Я изумленно замираю, не в силах поверить.
– Ты поссорился с моими родителями?
– Ага. – Джек пристыженно отводит глаза.
– Но из-за чего? Что они такого сказали?
Хоть я совершенно не представляю, из-за чего они могли поругаться, меня не оставляет подозрение, что жизнь после этого уже не будет прежней. Я сжимаю пальцы Джека, молчаливо подталкивая его продолжать рассказ. Я хочу услышать ответ.
– Они сказали: мол, какое счастье, что это не Ада пропала.
У меня едва не встают дыбом волосы.
«Какое счастье, что это не Ада пропала».
Джек продолжает что‐то говорить, губы шевелятся, но я ничего не слышу сквозь шум крови в ушах.
«Какое счастье, что это не Ада».
Друг забирает пустой стакан у меня из руки и набирает в него воды из-под крана.
«Какое счастье, что это не Ада».
Он сует стакан мне, но у меня не получается его взять. Руки не слушаются.
Я вовсе не хотела соревноваться с сестрой, но мои родители хорошенько постарались. Они годами взваливали мне на плечи все больше ожиданий. Это ты у нас умница. Это ты должна добиться успеха. Это ты должна больше сделать, большего добиться. А потом Ада вышла замуж за Итана, а я бросила карьеру в Лондоне, и родители ясно дали понять: я проиграла в соревновании. Разочаровала их.

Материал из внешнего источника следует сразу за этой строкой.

lemma Hol1_values_in_CP:
  assumes "h \<in> Hol1" "Z \<in> CP"
  shows "h Z \<in> CP"
proof -
  obtain v b where vb: "cinner v v = 1" "cindep_pair v b" "h = hol_fun (outer v v, outer v b)"
    using assms(1) by (rule Hol1_obtain_hol_data)
  obtain z where "z \<noteq> 0" "Z = proj z" using assms(2) by (auto simp: CP_def)
  then show ?thesis
    using vb hol_fun_proj cindep_pair_combination_nonzero proj_in_CP by metis
qed

text \<open>For \<open>P = [v]\<close>, \<open>Q = [b]\<close>, \<open>R = [v + b]\<close> and \<open>|v| = 1\<close>, \<open>P Q - P R Q\<close> is
  \<open>-(1 - tr (R Q))\<close> times \<open>v b\<^sup>*\<close>.\<close>

definition cross_of :: "('n::finite) cmat \<Rightarrow> 'n cmat \<Rightarrow> 'n cmat \<Rightarrow> 'n cmat" where
  "cross_of P Q R = (-1 / Re (1 - trace (R ** Q))) *\<^sub>R (P ** Q - P ** (R ** Q))"

lemma cross_of_values:
  assumes v: "cinner v v = 1" and vb: "cindep_pair v b"
  defines "t \<equiv> (norm (b - cinner b v *s v))^2 / ((norm (v + b))^2 * (norm b)^2)"
  shows "t > 0" "1 - trace (proj (v + b) ** proj b) = of_real t"
    "cross_of (outer v v) (proj b) (proj (v + b)) = outer v b"
proof -
  obtain c \<beta> \<sigma> where c: "cinner b v = c" and \<beta>: "cinner b b = \<beta>"
    and \<sigma>: "cinner (v + b) (v + b) = \<sigma>"
    by blast
  have vb_c: "cinner v b = cnj c" using c cnj_cinner by metis
  have \<sigma>_eq: "\<sigma> = 1 + c + cnj c + \<beta>"
    using \<sigma> by (simp add: cinner_simps v vb_c c \<beta> algebra_simps)
  have nonzero: "\<beta> \<noteq> 0" "\<sigma> \<noteq> 0" using cindep_pair_nonzero[OF vb] \<beta> \<sigma> by auto
  show "t > 0"
    using cindep_pair_nonzero[OF vb] by (simp add: t_def)
  have "of_real t = cinner (b - c *s v) (b - c *s v) / (\<sigma> * \<beta>)"
    by (simp add: t_def cinner_self c flip: \<sigma> \<beta>)
  also have "cinner (b - c *s v) (b - c *s v) = \<beta> - c * cnj c"
    by (simp add: cinner_simps v vb_c c \<beta> algebra_simps)
  finally have t: "of_real t = (\<beta> - c * cnj c) / (\<sigma> * \<beta>)" .
  have Q: "proj b = mscale (1 / \<beta>) (outer b b)" by (simp add: proj_eq_mscale \<beta>)
  have R: "proj (v + b) = mscale (1 / \<sigma>) (outer (v + b) (v + b))" by (simp add: proj_eq_mscale \<sigma>)
  have RQ: "proj (v + b) ** proj b = mscale ((c + \<beta>) / (\<sigma> * \<beta>)) (outer (v + b) b)"
    unfolding Q R mscale_mult_left mscale_mult_right outer_mult mscale_mscale
    by (simp add: cinner_simps c \<beta> ac_simps)
  have "1 - (c + \<beta>) / (\<sigma> * \<beta>) * (cnj c + \<beta>) = (\<sigma> * \<beta> - (c + \<beta>) * (cnj c + \<beta>)) / (\<sigma> * \<beta>)"
    using nonzero by (simp add: field_simps)
  also have "\<sigma> * \<beta> - (c + \<beta>) * (cnj c + \<beta>) = \<beta> - c * cnj c"
    by (simp add: \<sigma>_eq algebra_simps)
  finally show trace: "1 - trace (proj (v + b) ** proj b) = of_real t"
    unfolding t RQ trace_mscale trace_outer by (simp add: cinner_simps vb_c \<beta>)
  have "c / \<beta> - (c + \<beta>) / (\<sigma> * \<beta>) * (1 + c) = (c * \<sigma> - (c + \<beta>) * (1 + c)) / (\<sigma> * \<beta>)"
    using nonzero by (simp add: field_simps)
  also have "c * \<sigma> - (c + \<beta>) * (1 + c) = - (\<beta> - c * cnj c)"
    by (simp add: \<sigma>_eq algebra_simps)
  finally have coeff: "c / \<beta> - (c + \<beta>) / (\<sigma> * \<beta>) * (1 + c) = - of_real t"
    by (simp add: t minus_divide_left)
  have "outer v v ** proj b = mscale (c / \<beta>) (outer v b)"
    unfolding Q mscale_mult_right outer_mult mscale_mscale by (simp add: c)
  moreover have "outer v v ** (proj (v + b) ** proj b)
      = mscale ((c + \<beta>) / (\<sigma> * \<beta>) * (1 + c)) (outer v b)"
    unfolding RQ mscale_mult_right outer_mult mscale_mscale by (simp add: cinner_simps c v ac_simps)
  ultimately have "outer v v ** proj b - outer v v ** (proj (v + b) ** proj b)
      = mscale (c / \<beta> - (c + \<beta>) / (\<sigma> * \<beta>) * (1 + c)) (outer v b)"
    by (simp add: mscale_diff_left)
  then show "cross_of (outer v v) (proj b) (proj (v + b)) = outer v b"
    using \<open>t > 0\<close> unfolding cross_of_def trace coeff
    by (simp add: scaleR_mscale mscale_mscale)
qed

lemma gram_schmidt_pair:
  assumes v: "cinner v v = 1" and vb: "cindep_pair v b"
  obtains w r where "orthonormal_pair v w" "r > 0" "b = cinner b v *s v + r *\<^sub>R w"
proof -
  define d where "d = b - cinner b v *s v"
  define r where "r = norm d"
  have r: "r > 0" using cindep_pair_nonzero(4)[OF vb] by (simp add: r_def d_def)
  define w where "w = (1 / r) *\<^sub>R d"
  have "cinner v d = 0" by (simp add: d_def cinner_simps v cnj_cinner)
  then have "orthonormal_pair v w"
    using r v by (simp add: orthonormal_pair_def w_def cinner_simps cinner_self r_def power2_eq_square)
  moreover have "b = cinner b v *s v + r *\<^sub>R w" using r by (simp add: w_def d_def)
  ultimately show ?thesis using r that by blast
qed

lemma cindep_pair_orthogonal_decomposition:
  assumes vw: "orthonormal_pair v w" and "r \<noteq> 0"
  shows "cindep_pair v (c *s v + r *\<^sub>R w)"
  unfolding cindep_pair_def
proof (intro allI impI)
  fix \<alpha> \<beta> assume combination: "\<alpha> *s v + \<beta> *s (c *s v + r *\<^sub>R w) = 0"
  have "cinner (\<alpha> *s v + \<beta> *s (c *s v + r *\<^sub>R w)) v = \<alpha> + \<beta> * c"
    "cinner (\<alpha> *s v + \<beta> *s (c *s v + r *\<^sub>R w)) w = \<beta> * of_real r"
    using vw orthonormal_pair_cinner_swap[OF vw]
    by (simp_all add: cinner_simps orthonormal_pair_def)
  then show "\<alpha> = 0 \<and> \<beta> = 0" using \<open>r \<noteq> 0\<close> unfolding combination by simp
qed

lemma Hol1_normal_form:
  assumes "h \<in> Hol1"
  obtains v w c r where "orthonormal_pair v w" "r > 0"
    "h = hol_fun (outer v v, outer v (c *s v + r *\<^sub>R w))"
proof -
  obtain v b where "cinner v v = 1" "cindep_pair v b" "h = hol_fun (outer v v, outer v b)"
    using assms by (rule Hol1_obtain_hol_data)
  with gram_schmidt_pair that show ?thesis by metis
qed

definition unit_normal :: "('n::finite) cmat \<Rightarrow> 'n cmat \<Rightarrow> 'n cmat \<Rightarrow> 'n cmat" where
  "unit_normal P Q R = sgn (cross_of P Q R - cross_of P Q R ** P)"

lemma unit_normal_values:
  fixes c :: complex and r :: real
  assumes vw: "orthonormal_pair v w" and "r > 0"
  defines "b \<equiv> c *s v + r *\<^sub>R w"
  shows "cross_of (outer v v) (proj b) (proj (v + b)) - cross_of (outer v v) (proj b) (proj (v + b)) ** outer v v
      = r *\<^sub>R outer v w"
    "unit_normal (outer v v) (proj b) (proj (v + b)) = outer v w"
proof -
  have v: "cinner v v = 1" using vw by (simp add: orthonormal_pair_def)
  have vb: "cindep_pair v b"
    unfolding b_def using cindep_pair_orthogonal_decomposition[OF vw] \<open>r > 0\<close> by simp
  have "cinner v b = cnj c"
    using vw by (simp add: b_def cinner_simps orthonormal_pair_def)
  then have product: "outer v b ** outer v v = mscale (cnj c) (outer v v)"
    by (simp add: outer_mult)
  have "outer v b = mscale (cnj c) (outer v v) + r *\<^sub>R outer v w"
    by (simp add: b_def outer_add_right outer_smult_right outer_scaleR_right)
  then have "outer v b - outer v b ** outer v v = r *\<^sub>R outer v w"
    unfolding product by simp
  then show normal: "cross_of (outer v v) (proj b) (proj (v + b))
      - cross_of (outer v v) (proj b) (proj (v + b)) ** outer v v = r *\<^sub>R outer v w"
    by (simp add: cross_of_values(3)[OF v vb])
  have "norm (outer v w) = 1"
    using vw by (simp add: norm_outer orthonormal_pair_def cinner_self_eq_1_imp_norm)
  then show "unit_normal (outer v v) (proj b) (proj (v + b)) = outer v w"
    using \<open>r > 0\<close> by (simp add: unit_normal_def normal sgn_scaleR sgn_div_norm)
qed

subsection \<open>The topology of uniform convergence on degree-one maps\<close>

lemma continuous_on_matrix_mult [continuous_intros]:
  fixes f :: "'a::topological_space \<Rightarrow> complex^'n^'m" and g :: "'a \<Rightarrow> complex^'k^'n"
  shows "continuous_on S f \<Longrightarrow> continuous_on S g \<Longrightarrow> continuous_on S (\<lambda>x. f x ** g x)"
  by (rule bounded_bilinear.continuous_on[OF bounded_bilinear_matrix_mult])

lemma continuous_on_ctranspose [continuous_intros]:
  fixes f :: "'a::topological_space \<Rightarrow> complex^'n^'m"
  shows "continuous_on S f \<Longrightarrow> continuous_on S (\<lambda>x. ctranspose (f x))"
  unfolding ctranspose_def by (intro continuous_intros)

lemma continuous_on_trace [continuous_intros]:
  fixes f :: "'a::topological_space \<Rightarrow> complex^'n^'n"
  shows "continuous_on S f \<Longrightarrow> continuous_on S (\<lambda>x. trace (f x))"
  unfolding trace_def by (intro continuous_intros)

lemma continuous_on_hol_num: "continuous_on S (\<lambda>p. hol_num (fst p) (snd p))"
  unfolding hol_num_def mscale_def by (intro continuous_intros)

Мои друзья никогда не принимали всерьез мои жалобы о том, что Аду родители любят больше, и наперебой заверяли, что всякий думает, будто брата или сестру любят больше, а на самом деле мама и папа, как и любые родители, любят нас одинаково, потому что все родители любят детей одинаково. У них может быть любимый цвет, любимое время года, но не бывает любимого ребенка. Тот, у кого нет собственных детей, даже представить не может, что такое возможно. Понятно, что ни один родитель не сумеет ответить на вопрос, кого из детей он бросится спасать первым в случае смертельной опасности. Но мои родители, судя по всему, точно знают, кто у них любимый ребенок. Им даже вопросов об опасности не задавали, а они свой выбор уже сделали.
Джек был прав: первенца всегда любят больше.
– Элоди? – Джек убирает мне от лица свесившиеся волосы. – Прости, мне не стоило рассказывать.
– Все в порядке.
– Мне было очень неприятно слушать, как ты их жалеешь, когда они такого наговорили. Я просил Мередит надеть что‐нибудь черное, приглушенное, это было бы уместно, но им с Адой захотелось ярких цветов. Кричащих. – Он фыркает, морщась от одних воспоминаний. – Ты в курсе, что вечеринку в честь беременности Руби никто отменять и не думает? Они только о ней и говорят. Ну да, они за тебя переживают, но и вполовину не так сильно, как я ожидал. Так что им не так уж и повредят еще несколько дней без тебя. Может быть, если поиски затянутся, они наконец‐то проникнутся ситуацией.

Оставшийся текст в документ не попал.